In all PV designs, the highest electrical energy production during the year was determined in March. The daily distribution of electrical energy production values of all PV systems in March are shown in Figure 12. In addition, the graphs show the hourly electrical energy consumption profile of the hospital for an average day of 2019.
As seen in Figure 12, when the system capacity is 25 MW, the maximum electricity generation is approximately 20 MWh. The energy generation capacity of the PV system with 25 MW is below the hourly electricity requirement of the hospital. On the contrary, as it is seen in Figure 12 when the system capacity is 35 MW, the maximum electricity generation is approximately 27 MWh. The PV system produces the electrical energy needs of the hospital between 12:00 and 14:00 h. The PV system of 45 MW capacity can meet the electrical energy requirement of the hospital between 10:00 and 16:00 h, and some extra energy is produced.
Figure 13 shows the ratio of meeting the hourly electricity requirement of the hospital with energy generated from the PV system by all months. This ratio is called the self-sufficiency value of the PV system. For example, if the self-sufficiency ratio (SSR) is 30%, it means that 30% of the electrical energy requirement is produced from the PV system. On the other hand, self-consumption indicates that the entirety of the energy produced from the PV system is consumed instantly. This system does not have any storage units and are not fed to the local electricity grid. As it is seen in Figure 13, the self-sufficiency profile is similar in all capacities. Among the distribution of SSR data by month, the lowest performance was observed in February, but the highest performance was observed in May.
Table 1 presents the self-sufficiency ratio of PV systems for monthly and yearly periods.
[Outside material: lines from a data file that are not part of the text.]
lemma length_sample_word [simp]: "length (sample_word W m \<omega>) = m"
  by (simp add: sample_word_def)

lemma set_sample_word: "set (sample_word W m \<omega>) = (\<lambda>n. W n \<omega>) ` {1..m}"
  by (simp add: sample_word_def atLeastLessThanSuc_atLeastAtMost del: upt_Suc)

lemma nth_sample_word: "i < m \<Longrightarrow> sample_word W m \<omega> ! i = W (Suc i) \<omega>"
  by (simp add: sample_word_def del: upt_Suc)

lemma sample_word_eq_iff:
  "sample_word W (length w) \<omega> = w \<longleftrightarrow> (\<forall>i<length w. W (Suc i) \<omega> = w ! i)"
proof
  assume "sample_word W (length w) \<omega> = w"
  then show "\<forall>i<length w. W (Suc i) \<omega> = w ! i"
    by (metis nth_sample_word)
next
  assume "\<forall>i<length w. W (Suc i) \<omega> = w ! i"
  then show "sample_word W (length w) \<omega> = w"
    by (intro nth_equalityI) (simp_all add: nth_sample_word)
qed

lemma sample_word_in_vimage_algebra:
  assumes "finite A"
  shows "{\<omega>\<in>\<Omega>. sample_word W m \<omega> \<in> A}
    \<in> sets (vimage_algebra \<Omega> (\<lambda>\<omega>. restrict (\<lambda>n. W n \<omega>) {1..}) (Pi\<^sub>M {1..} (\<lambda>_. count_space UNIV)))"
proof -
  let ?P = "Pi\<^sub>M {1::nat..} (\<lambda>_. count_space (UNIV :: 'g set))"
  let ?H = "{h \<in> space ?P. \<exists>w\<in>A. length w = m \<and> (\<forall>i<m. h (Suc i) = w ! i)}"
  have [measurable]: "Measurable.pred ?P (\<lambda>h. h (Suc i) = c)" for i c
    by measurable
  have "?H \<in> sets ?P"
    using assms by measurable
  then have "(\<lambda>\<omega>. restrict (\<lambda>n. W n \<omega>) {1..}) -` ?H \<inter> \<Omega>
      \<in> sets (vimage_algebra \<Omega> (\<lambda>\<omega>. restrict (\<lambda>n. W n \<omega>) {1..}) ?P)"
    by (rule in_vimage_algebra)
  moreover have "(\<lambda>\<omega>. restrict (\<lambda>n. W n \<omega>) {1..}) -` ?H \<inter> \<Omega> = {\<omega>\<in>\<Omega>. sample_word W m \<omega> \<in> A}"
  proof -
    have "(\<exists>w\<in>A. length w = m \<and> (\<forall>i<m. W (Suc i) \<omega> = w ! i)) \<longleftrightarrow> sample_word W m \<omega> \<in> A" for \<omega>
      by (metis length_sample_word sample_word_eq_iff)
    then show ?thesis
      by (auto simp: space_PiM)
  qed
  ultimately show ?thesis
    by simp
qed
The highest performance was observed in May and this ratio was 31% for PV25, 37% for PV30, 43% for PV35, 50% for PV40, 56% for PV45, 62% for PV50, 93% for PV75 and 124% for PV100. According to the annual simulation results given in Table 1, the self-sufficiency ratio of the PV system for the KAU hospital is found as 24% for PV25, 29% for PV30, 34% for PV35, 39% for PV40, 44% for PV45, 48% for PV50, 73% for PV75 and 97% for PV100.
The annual total electricity consumption value of the KAU hospital for 2019 was 190.042.560 kWh. Figure 14 shows the annual electricity generation distribution of PV systems with different capacities for an average day.
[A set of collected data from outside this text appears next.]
lemma card_eq_sum_card_inter_groups:
  assumes "H \<subseteq> V"
  shows "card H = (\<Sum>t<m. card (H \<inter> G t))"
proof -
  have "H = (\<Union>t<m. H \<inter> G t)" using assms groups_cover by blast
  also have "card \<dots> = (\<Sum>t<m. card (H \<inter> G t))"
    by (rule card_UN_disjoint) (use finite_group groups_disjoint in auto)
  finally show ?thesis .
qed

lemma card_insert_inter_group:
  assumes "t < m" "s < m" "u \<in> G t" "u \<notin> H"
  shows "card (insert u H \<inter> G s) = (if s = t then Suc (card (H \<inter> G s)) else card (H \<inter> G s))"
proof (cases "s = t")
  case True
  then have "insert u H \<inter> G s = insert u (H \<inter> G s)" using assms(3) by blast
  then show ?thesis using True assms(2,4) finite_group by simp
next
  case False
  then have "insert u H \<inter> G s = H \<inter> G s" using assms group_unique by blast
  then show ?thesis using False by simp
qed

text \<open>The sets that can be completed to a set with l t \<le> |A \<inter> G t| \<le> h t and |A| \<le> b:
  completion needs max (card (T \<inter> G t)) (l t) elements from group t.\<close>

definition quota_family :: "(nat \<Rightarrow> nat) \<Rightarrow> (nat \<Rightarrow> nat) \<Rightarrow> nat \<Rightarrow> 'a set set" where
  "quota_family l h b = {T. T \<subseteq> V \<and> (\<forall>t<m. card (T \<inter> G t) \<le> h t) \<and>
     (\<Sum>t<m. max (card (T \<inter> G t)) (l t)) \<le> b}"

lemma quota_family_subset_closed:
  assumes "A \<subseteq> B" "B \<in> quota_family l h b"
  shows "A \<in> quota_family l h b"
proof -
  have le: "card (A \<inter> G t) \<le> card (B \<inter> G t)" if "t < m" for t
    using assms(1) finite_group[OF that] by (intro card_mono) auto
  then have "(\<Sum>t<m. max (card (A \<inter> G t)) (l t)) \<le> (\<Sum>t<m. max (card (B \<inter> G t)) (l t))"
    by (intro sum_mono) (simp add: max.coboundedI1)
  moreover have "card (A \<inter> G t) \<le> h t" if "t < m" for t
    using le[OF that] assms(2) that unfolding quota_family_def by fastforce
  ultimately show ?thesis using assms unfolding quota_family_def by auto
qed

lemma empty_in_quota_family: "(\<Sum>t<m. l t) \<le> b \<Longrightarrow> {} \<in> quota_family l h b"
  by (simp add: quota_family_def)

lemma quota_family_completion:
  assumes "T \<in> quota_family l h b"
    and "\<And>t. t < m \<Longrightarrow> l t \<le> h t" "\<And>t. t < m \<Longrightarrow> l t \<le> card (G t)"
  obtains A where "T \<subseteq> A" "A \<subseteq> V" "card A \<le> b"
    "\<And>t. t < m \<Longrightarrow> l t \<le> card (A \<inter> G t) \<and> card (A \<inter> G t) \<le> h t"
proof -
  have "\<exists>C. t < m \<longrightarrow> T \<inter> G t \<subseteq> C \<and> C \<subseteq> G t \<and> card C = max (card (T \<inter> G t)) (l t)" for t
  proof (cases "t < m")
    case True
    then have "card (T \<inter> G t) \<le> card (G t)" by (intro card_mono finite_group) auto
    then show ?thesis
      using exists_subset_between[where A = "T \<inter> G t" and C = "G t"] assms(3) finite_group True by auto
  qed simp
  then obtain C where C: "\<And>t. t < m \<Longrightarrow> T \<inter> G t \<subseteq> C t \<and> C t \<subseteq> G t \<and> card (C t) = max (card (T \<inter> G t)) (l t)"
    by metis
  define A where "A = (\<Union>t<m. C t)"
  have A_group: "A \<inter> G t = C t" if "t < m" for t
    using C that group_unique unfolding A_def by blast
  show ?thesis
  proof
    show "T \<subseteq> A" "A \<subseteq> V"
      using C assms(1) groups_cover unfolding A_def quota_family_def by blast+
    have "card A \<le> (\<Sum>t<m. card (C t))" unfolding A_def by (rule card_UN_le) simp
    also have "\<dots> = (\<Sum>t<m. max (card (T \<inter> G t)) (l t))" using C by simp
    finally show "card A \<le> b" using assms(1) unfolding quota_family_def by simp
    show "l t \<le> card (A \<inter> G t) \<and> card (A \<inter> G t) \<le> h t" if "t < m" for t
      using A_group[OF that] C[OF that] assms(1) assms(2)[OF that] that unfolding quota_family_def by simp
  qed
qed

lemma blocked_quota_group_saturated:
  assumes "H \<in> quota_family l h b" "u \<in> blocked V (quota_family l h b) H"
    and "t < m" "u \<in> G t" "l t \<le> h t"
  shows "if (\<Sum>s<m. max (card (H \<inter> G s)) (l s)) = b then l t \<le> card (H \<inter> G t)
         else h t \<le> card (H \<inter> G t)"
proof -
  let ?c = "\<lambda>s. card (H \<inter> G s)"
  let ?P = "\<Sum>s<m. max (?c s) (l s)"
  have u: "u \<in> V" "u \<notin> H" "insert u H \<notin> quota_family l h b"
    using assms(2) by (simp_all add: blocked_def)
  have card_insert: "card (insert u H \<inter> G s) = (if s = t then Suc (?c s) else ?c s)" if "s < m" for s
    by (rule card_insert_inter_group[OF assms(3) that assms(4) u(2)])
  have "(\<Sum>s<m. max (card (insert u H \<inter> G s)) (l s))
      = (\<Sum>s<m. max (?c s) (l s) + (if s = t then (if l t \<le> ?c t then 1 else 0) else 0))"
    by (rule sum.cong) (auto simp: card_insert max_def)
  also have "\<dots> = ?P + (if l t \<le> ?c t then 1 else 0)"
    using assms(3) by (simp add: sum.distrib)
  finally have sum_insert: "(\<Sum>s<m. max (card (insert u H \<inter> G s)) (l s)) = ?P + (if l t \<le> ?c t then 1 else 0)" .
  have H: "H \<subseteq> V" "\<And>s. s < m \<Longrightarrow> ?c s \<le> h s" "?P \<le> b"
    using assms(1) by (auto simp: quota_family_def)
  have "\<not> (\<forall>s<m. card (insert u H \<inter> G s) \<le> h s) \<or> b < ?P + (if l t \<le> ?c t then 1 else 0)"
    using u H(1) sum_insert unfolding quota_family_def by auto
  then have "h t \<le> ?c t \<or> (?P = b \<and> l t \<le> ?c t)"
    using card_insert H(2,3) by (auto split: if_splits)
  then show ?thesis using assms(5) by auto
qed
Figure 15 presents the total annual electricity generation of the PV systems, and its comparison with the annual total electricity consumption of the KAU hospital. SSR is also given as a percentage in Figure 15. When the simulation results are analyzed, it is determined that the PV system capacity is 40 MW according to the self-consumption model for the KAU hospital. Based on this self-sufficiency model, the capacity of the PV system is considered 100 MW.

The Assessment of Solar PV Module Using RSM Approach

Figure 16a,b show the contour plots of solar PV plants under uncertain conditions. For instance, as depicted in Figure 16a, in case the wind speed is above 2 m per second, and the outdoor temperature is between 30 and 38 °C, the PV yield is 28 MWh. Similarly, Figure 16b shows the contour plots of the PV energy yield, when the wind speed is between 3 and 5.5 m per second and the radiation is above 820 W/m2. Figure 16c,d shows the three-dimensional graph called response surface plot of solar PV energy generation versus wind speed, outdoor temperature, and radiation.
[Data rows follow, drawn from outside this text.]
(* Let $\ell$ be a linear space of real sequences endowed with a norm, quasi-norm or $\alpha$-norm, such that $\ell\hookrightarrow\ell^\infty$, and let $I\colon\ell\to\ell^\infty$ be the embedding operator. Suppose $$\|I\|\le\sigma_\ell<2\|I\|,$$ where $\sigma_\ell:=\sup_{y\in B_\ell}\big(\sup_{n\in\mathbb{N}}y_n-\inf_{n\in\mathbb{N}}y_n\big)$ is the span of $\ell$. Then $I$ is not maximally non-compact; moreover $\alpha(I)\le\sigma_\ell/2$.
   Context: $B_\ell$ is the closed unit ball of $\ell$; $\ell^\infty$ is the space of bounded sequences with the sup norm. $\ell\hookrightarrow\ell^\infty$ means $\ell\subset\ell^\infty$ as a linear subspace with $\|a\|_\infty\le C\|a\|_\ell$ for some constant $C$; $\|I\|=\sup_{y\in B_\ell}\|y\|_\infty$. For a bounded map $T\colon X\to Y$, the ball measure of non-compactness is $\alpha(T)=\inf\{r>0:\ T(B_X)\subset\bigcup_{i=1}^m (y_i+rB_Y)\text{ for some } m\in\mathbb{N},\ y_i\in Y\}$; $T$ is maximally non-compact if $\alpha(T)=\|T\|$. *)

theory Defs
  imports "HOL-Analysis.Analysis"
begin

type_synonym rseq = "nat \<Rightarrow> real"

definition seq_subspace :: "rseq set \<Rightarrow> bool" where
  "seq_subspace L \<longleftrightarrow> (\<lambda>n. 0) \<in> L \<and> (\<forall>x\<in>L. \<forall>y\<in>L. (\<lambda>n. x n + y n) \<in> L) \<and> (\<forall>c. \<forall>x\<in>L. (\<lambda>n. c * x n) \<in> L)"

definition is_norm_on :: "rseq set \<Rightarrow> (rseq \<Rightarrow> real) \<Rightarrow> bool" where
  "is_norm_on L N \<longleftrightarrow>
     (\<forall>x\<in>L. N x \<ge> 0 \<and> (N x = 0 \<longleftrightarrow> x = (\<lambda>n. 0))) \<and>
     (\<forall>c. \<forall>x\<in>L. N (\<lambda>n. c * x n) = \<bar>c\<bar> * N x) \<and>
     (\<forall>x\<in>L. \<forall>y\<in>L. N (\<lambda>n. x n + y n) \<le> N x + N y)"

definition is_quasinorm_on :: "rseq set \<Rightarrow> (rseq \<Rightarrow> real) \<Rightarrow> bool" where
  "is_quasinorm_on L N \<longleftrightarrow>
     (\<forall>x\<in>L. N x \<ge> 0 \<and> (N x = 0 \<longleftrightarrow> x = (\<lambda>n. 0))) \<and>
     (\<forall>c. \<forall>x\<in>L. N (\<lambda>n. c * x n) = \<bar>c\<bar> * N x) \<and>
     (\<exists>K\<ge>1. \<forall>x\<in>L. \<forall>y\<in>L. N (\<lambda>n. x n + y n) \<le> K * (N x + N y))"

definition is_alpha_norm_on :: "real \<Rightarrow> rseq set \<Rightarrow> (rseq \<Rightarrow> real) \<Rightarrow> bool" where
  "is_alpha_norm_on a L N \<longleftrightarrow> 0 < a \<and> a \<le> 1 \<and>
     (\<forall>x\<in>L. N x \<ge> 0 \<and> (N x = 0 \<longleftrightarrow> x = (\<lambda>n. 0))) \<and>
     (\<forall>c. \<forall>x\<in>L. N (\<lambda>n. c * x n) = \<bar>c\<bar> powr a * N x) \<and>
     (\<forall>x\<in>L. \<forall>y\<in>L. N (\<lambda>n. x n + y n) \<le> N x + N y)"

definition bseq :: "rseq \<Rightarrow> bool" where
  "bseq x \<longleftrightarrow> bdd_above (range (\<lambda>n. \<bar>x n\<bar>))"

definition linf_norm :: "rseq \<Rightarrow> real" where
  "linf_norm x = (SUP n. \<bar>x n\<bar>)"

definition embeds_linf :: "rseq set \<Rightarrow> (rseq \<Rightarrow> real) \<Rightarrow> bool" where
  "embeds_linf L N \<longleftrightarrow> (\<exists>C. \<forall>x\<in>L. bseq x \<and> linf_norm x \<le> C * N x)"

definition unit_ball :: "rseq set \<Rightarrow> (rseq \<Rightarrow> real) \<Rightarrow> rseq set" where
  "unit_ball L N = {y \<in> L. N y \<le> 1}"

definition emb_norm :: "rseq set \<Rightarrow> (rseq \<Rightarrow> real) \<Rightarrow> real" where
  "emb_norm L N = (SUP y \<in> unit_ball L N. linf_norm y)"

definition span_seq :: "rseq set \<Rightarrow> (rseq \<Rightarrow> real) \<Rightarrow> real" where
  "span_seq L N = (SUP y \<in> unit_ball L N. (SUP n. y n) - (INF n. y n))"

text \<open>Ball measure of non-compactness of the embedding I: infimum of radii r > 0
  such that I(B_\<ell>) = B_\<ell> is covered by finitely many (m \<ge> 1) closed \<ell>^\<infinity>-balls of radius r.\<close>
definition alpha_emb :: "rseq set \<Rightarrow> (rseq \<Rightarrow> real) \<Rightarrow> real" where
  "alpha_emb L N = Inf {r. r > 0 \<and> (\<exists>Y. finite Y \<and> Y \<noteq> {} \<and> (\<forall>z\<in>Y. bseq z) \<and>
       unit_ball L N \<subseteq> (\<Union>z\<in>Y. {y. bseq (\<lambda>n. y n - z n) \<and> linf_norm (\<lambda>n. y n - z n) \<le> r}))}"

definition maximally_noncompact_emb :: "rseq set \<Rightarrow> (rseq \<Rightarrow> real) \<Rightarrow> bool" where
  "maximally_noncompact_emb L N \<longleftrightarrow> alpha_emb L N = emb_norm L N"

end

theory Submission
  imports Defs
begin

text \<open>Every y in the unit ball has its values in the interval [inf y, sup y], whose length is
  at most \<sigma> and whose midpoint lies in [-\<parallel>I\<parallel>, \<parallel>I\<parallel>]. Covering [-\<parallel>I\<parallel>, \<parallel>I\<parallel>] by a finite
  e-grid, the constant sequence at the grid point just below that midpoint is within
  \<sigma>/2 + e of y in the sup norm. Hence \<alpha>(I) \<le> \<sigma>/2, which is < \<parallel>I\<parallel> by assumption.\<close>

definition linf_cball :: "rseq \<Rightarrow> real \<Rightarrow> rseq set" where
  "linf_cball z r = {y. bseq (\<lambda>n. y n - z n) \<and> linf_norm (\<lambda>n. y n - z n) \<le> r}"

lemma alpha_emb_linf_cball:
  "alpha_emb L N = Inf {r. r > 0 \<and> (\<exists>Y. finite Y \<and> Y \<noteq> {} \<and> (\<forall>z\<in>Y. bseq z) \<and>
     unit_ball L N \<subseteq> (\<Union>z\<in>Y. linf_cball z r))}"
  unfolding alpha_emb_def linf_cball_def ..

lemma abs_le_linf_norm: "bseq y \<Longrightarrow> \<bar>y n\<bar> \<le> linf_norm y"
  unfolding bseq_def linf_norm_def by (rule cSUP_upper) auto

lemma
  assumes "bseq y"
  shows bseq_bdd_above: "bdd_above (range y)"
    and bseq_bdd_below: "bdd_below (range y)"
    and bseq_SUP_le_linf_norm: "(SUP n. y n) \<le> linf_norm y"
    and bseq_INF_ge_linf_norm: "- linf_norm y \<le> (INF n. y n)"
proof -
  have bound: "y n \<le> linf_norm y" "- linf_norm y \<le> y n" for n
    using abs_le_linf_norm[OF assms, of n] by linarith+
  show "bdd_above (range y)" by (rule bdd_aboveI2[where M = "linf_norm y"]) (rule bound)
  show "bdd_below (range y)" by (rule bdd_belowI2[where m = "- linf_norm y"]) (rule bound)
  show "(SUP n. y n) \<le> linf_norm y" by (rule cSUP_least) (auto simp: bound)
  show "- linf_norm y \<le> (INF n. y n)" by (rule cINF_greatest) (auto simp: bound)
qed

lemma bseq_linf_norm_leI:
  assumes "\<And>n. \<bar>x n\<bar> \<le> r"
  shows "bseq x" "linf_norm x \<le> r"
proof -
  show "bseq x" unfolding bseq_def bdd_above_def using assms by blast
  show "linf_norm x \<le> r" unfolding linf_norm_def by (rule cSUP_least) (auto simp: assms)
qed

lemma unit_ball_linf_bounded:
  assumes "embeds_linf L N" and "\<And>x. x \<in> L \<Longrightarrow> 0 \<le> N x"
  obtains D where "\<And>y. y \<in> unit_ball L N \<Longrightarrow> bseq y \<and> linf_norm y \<le> D"
proof -
  obtain C where C: "\<And>x. x \<in> L \<Longrightarrow> bseq x \<and> linf_norm x \<le> C * N x"
    using assms(1) unfolding embeds_linf_def by blast
  have "bseq y \<and> linf_norm y \<le> max C 0" if "y \<in> unit_ball L N" for y
  proof -
    have y: "y \<in> L" "0 \<le> N y" "N y \<le> 1"
      using that assms(2) unfolding unit_ball_def by auto
    have "C * N y \<le> max C 0 * N y" using y by (simp add: mult_right_mono)
    also have "\<dots> \<le> max C 0" using y by (simp add: mult_left_le)
    finally show ?thesis using C[OF y(1)] by linarith
  qed
  then show thesis by (rule that)
qed

lemma linf_norm_le_emb_norm:
  assumes "\<And>y. y \<in> unit_ball L N \<Longrightarrow> bseq y \<and> linf_norm y \<le> D" and "y \<in> unit_ball L N"
  shows "linf_norm y \<le> emb_norm L N"
  unfolding emb_norm_def
  by (rule cSUP_upper[OF assms(2)]) (use assms(1) in \<open>auto intro: bdd_aboveI2[where M = D]\<close>)

lemma oscillation_le_span_seq:
  assumes "\<And>y. y \<in> unit_ball L N \<Longrightarrow> bseq y \<and> linf_norm y \<le> D" and "y \<in> unit_ball L N"
  shows "(SUP n. y n) - (INF n. y n) \<le> span_seq L N"
proof -
  have osc_bound: "(SUP n. y n) - (INF n. y n) \<le> 2 * D" if "y \<in> unit_ball L N" for y
    using assms(1)[OF that] bseq_SUP_le_linf_norm bseq_INF_ge_linf_norm by fastforce
  have "bdd_above ((\<lambda>y. (SUP n. y n) - (INF n. y n)) ` unit_ball L N)"
    by (rule bdd_aboveI2) (rule osc_bound)
  then show ?thesis
    unfolding span_seq_def by (rule cSUP_upper[OF assms(2)])
qed

lemma grid_point_below:
  fixes M e c :: real
  assumes "0 < e" and "- M \<le> c" and "c \<le> M"
  obtains k :: nat where "k \<le> nat \<lceil>2 * M / e\<rceil>" and "- M + k * e \<le> c" and "c < - M + k * e + e"
proof
  define k where "k = nat \<lfloor>(c + M) / e\<rfloor>"
  have "0 \<le> (c + M) / e" using assms by simp
  then have k: "real k \<le> (c + M) / e" "(c + M) / e < real k + 1"
    unfolding k_def by linarith+
  then show "- M + k * e \<le> c" "c < - M + k * e + e"
    using assms(1) by (simp_all add: field_simps)
  have "(c + M) / e \<le> 2 * M / e" using assms by (simp add: divide_right_mono)
  then show "k \<le> nat \<lceil>2 * M / e\<rceil>"
    unfolding k_def by (meson ceiling_mono floor_le_ceiling order_trans nat_mono)
qed

lemma finite_cover_by_constant_centres:
  assumes "0 < e"
    and bounded: "\<And>y. y \<in> B \<Longrightarrow> bseq y \<and> linf_norm y \<le> M"
    and oscillation: "\<And>y. y \<in> B \<Longrightarrow> (SUP n. y n) - (INF n. y n) \<le> \<sigma>"
  shows "\<exists>Y. finite Y \<and> Y \<noteq> {} \<and> (\<forall>z\<in>Y. bseq z) \<and> B \<subseteq> (\<Union>z\<in>Y. linf_cball z (\<sigma> / 2 + e))"
proof (intro exI conjI)
  define Y where "Y = (\<lambda>k::nat. \<lambda>n::nat. - M + k * e) ` {0..nat \<lceil>2 * M / e\<rceil>}"
  show "finite Y" "Y \<noteq> {}" "\<forall>z\<in>Y. bseq z"
    unfolding Y_def bseq_def by auto
  show "B \<subseteq> (\<Union>z\<in>Y. linf_cball z (\<sigma> / 2 + e))"
  proof
    fix y assume "y \<in> B"
    define s i where "s = (SUP n. y n)" and "i = (INF n. y n)"
    have y: "bseq y" "linf_norm y \<le> M" "s - i \<le> \<sigma>"
      using bounded oscillation \<open>y \<in> B\<close> unfolding s_def i_def by auto
    have range: "i \<le> y n" "y n \<le> s" for n
      unfolding s_def i_def
      using cINF_lower[OF bseq_bdd_below[OF y(1)] UNIV_I] cSUP_upper[OF UNIV_I bseq_bdd_above[OF y(1)]]
      by auto
    have "- M \<le> (s + i) / 2" "(s + i) / 2 \<le> M"
      using range[of 0] y bseq_SUP_le_linf_norm bseq_INF_ge_linf_norm
      unfolding s_def i_def by fastforce+
    with \<open>0 < e\<close> obtain k :: nat where k: "k \<le> nat \<lceil>2 * M / e\<rceil>"
      "- M + k * e \<le> (s + i) / 2" "(s + i) / 2 < - M + k * e + e"
      by (rule grid_point_below)
    have "\<bar>y n - (- M + k * e)\<bar> \<le> \<sigma> / 2 + e" for n
      using range[of n] y(3) k(2,3) by (simp add: abs_le_iff)
    from bseq_linf_norm_leI[of "\<lambda>n. y n - (- M + k * e)", OF this]
    have "y \<in> linf_cball (\<lambda>n. - M + k * e) (\<sigma> / 2 + e)"
      unfolding linf_cball_def by simp
    moreover have "(\<lambda>n. - M + k * e) \<in> Y" unfolding Y_def using k(1) by auto
    ultimately show "y \<in> (\<Union>z\<in>Y. linf_cball z (\<sigma> / 2 + e))" by blast
  qed
qed

lemma alpha_emb_le_half_oscillation:
  assumes "0 \<le> \<sigma>"
    and "\<And>y. y \<in> unit_ball L N \<Longrightarrow> bseq y \<and> linf_norm y \<le> M"
    and "\<And>y. y \<in> unit_ball L N \<Longrightarrow> (SUP n. y n) - (INF n. y n) \<le> \<sigma>"
  shows "alpha_emb L N \<le> \<sigma> / 2"
proof (rule field_le_epsilon)
  fix e :: real assume "0 < e"
  then have "\<sigma> / 2 + e \<in> {r. r > 0 \<and> (\<exists>Y. finite Y \<and> Y \<noteq> {} \<and> (\<forall>z\<in>Y. bseq z) \<and>
      unit_ball L N \<subseteq> (\<Union>z\<in>Y. linf_cball z r))}"
    using finite_cover_by_constant_centres[OF _ assms(2,3)] \<open>0 \<le> \<sigma>\<close> by simp
  then show "alpha_emb L N \<le> \<sigma> / 2 + e"
    unfolding alpha_emb_linf_cball by (rule cInf_lower) (auto intro: bdd_belowI[where m = 0])
qed

theorem mainTheorem3:
  fixes L :: "rseq set" and N :: "rseq \<Rightarrow> real"
  assumes "seq_subspace L"
    and "is_norm_on L N \<or> is_quasinorm_on L N \<or> (\<exists>a. is_alpha_norm_on a L N)"
    and "embeds_linf L N"
    and "emb_norm L N \<le> span_seq L N"
    and "span_seq L N < 2 * emb_norm L N"
  shows "\<not> maximally_noncompact_emb L N \<and> alpha_emb L N \<le> span_seq L N / 2"
proof -
  have N: "\<And>x. x \<in> L \<Longrightarrow> 0 \<le> N x \<and> (N x = 0 \<longleftrightarrow> x = (\<lambda>n. 0))"
    using assms(2) unfolding is_norm_on_def is_quasinorm_on_def is_alpha_norm_on_def by blast
  have "(\<lambda>n. 0) \<in> L" using assms(1) unfolding seq_subspace_def by blast
  with N have zero: "(\<lambda>n. 0) \<in> unit_ball L N" unfolding unit_ball_def by force
  obtain D where D: "\<And>y. y \<in> unit_ball L N \<Longrightarrow> bseq y \<and> linf_norm y \<le> D"
    using unit_ball_linf_bounded[OF assms(3)] N by blast
  have "0 \<le> span_seq L N" using oscillation_le_span_seq[OF D zero] by simp
  then have "alpha_emb L N \<le> span_seq L N / 2"
    by (rule alpha_emb_le_half_oscillation[where M = "emb_norm L N"])
      (auto simp: D linf_norm_le_emb_norm[OF D] oscillation_le_span_seq[OF D])
  with assms(5) show ?thesis unfolding maximally_noncompact_emb_def by simp
qed

end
The difference of response is not the same at all levels of the factors in some problems. There is an interaction between the factors. Hence, the parallel lines in Figure 17, indicate, approximately, the factors’ lack of interaction. Therefore, when Figure 17 is examined, the lines seem not to be parallel. This indicates interaction between the factors. In general, optimal solar PV generation is attained at average module surface temperature, high radiation, wind direction and wind speed level. Changing from low to high module surface temperature and outdoor temperature reduce the PV yield. Changing from intermediate to high degree module surface temperature, and outdoor temperature essentially reduces the PV generation. Figure 18 shows the individual effect of factors on the PV system. Hence, optimal PV generation levels of characteristics were determined and presented in Figure 18. Generating maximum PV of 42.27 MW is possible when the radiation level is 896.3 W/m2, the module surface temperature is 50 °C, the outdoor temperature is 40.3 °C, the wind direction is 305.6 and the wind speed is 6.7 m/s.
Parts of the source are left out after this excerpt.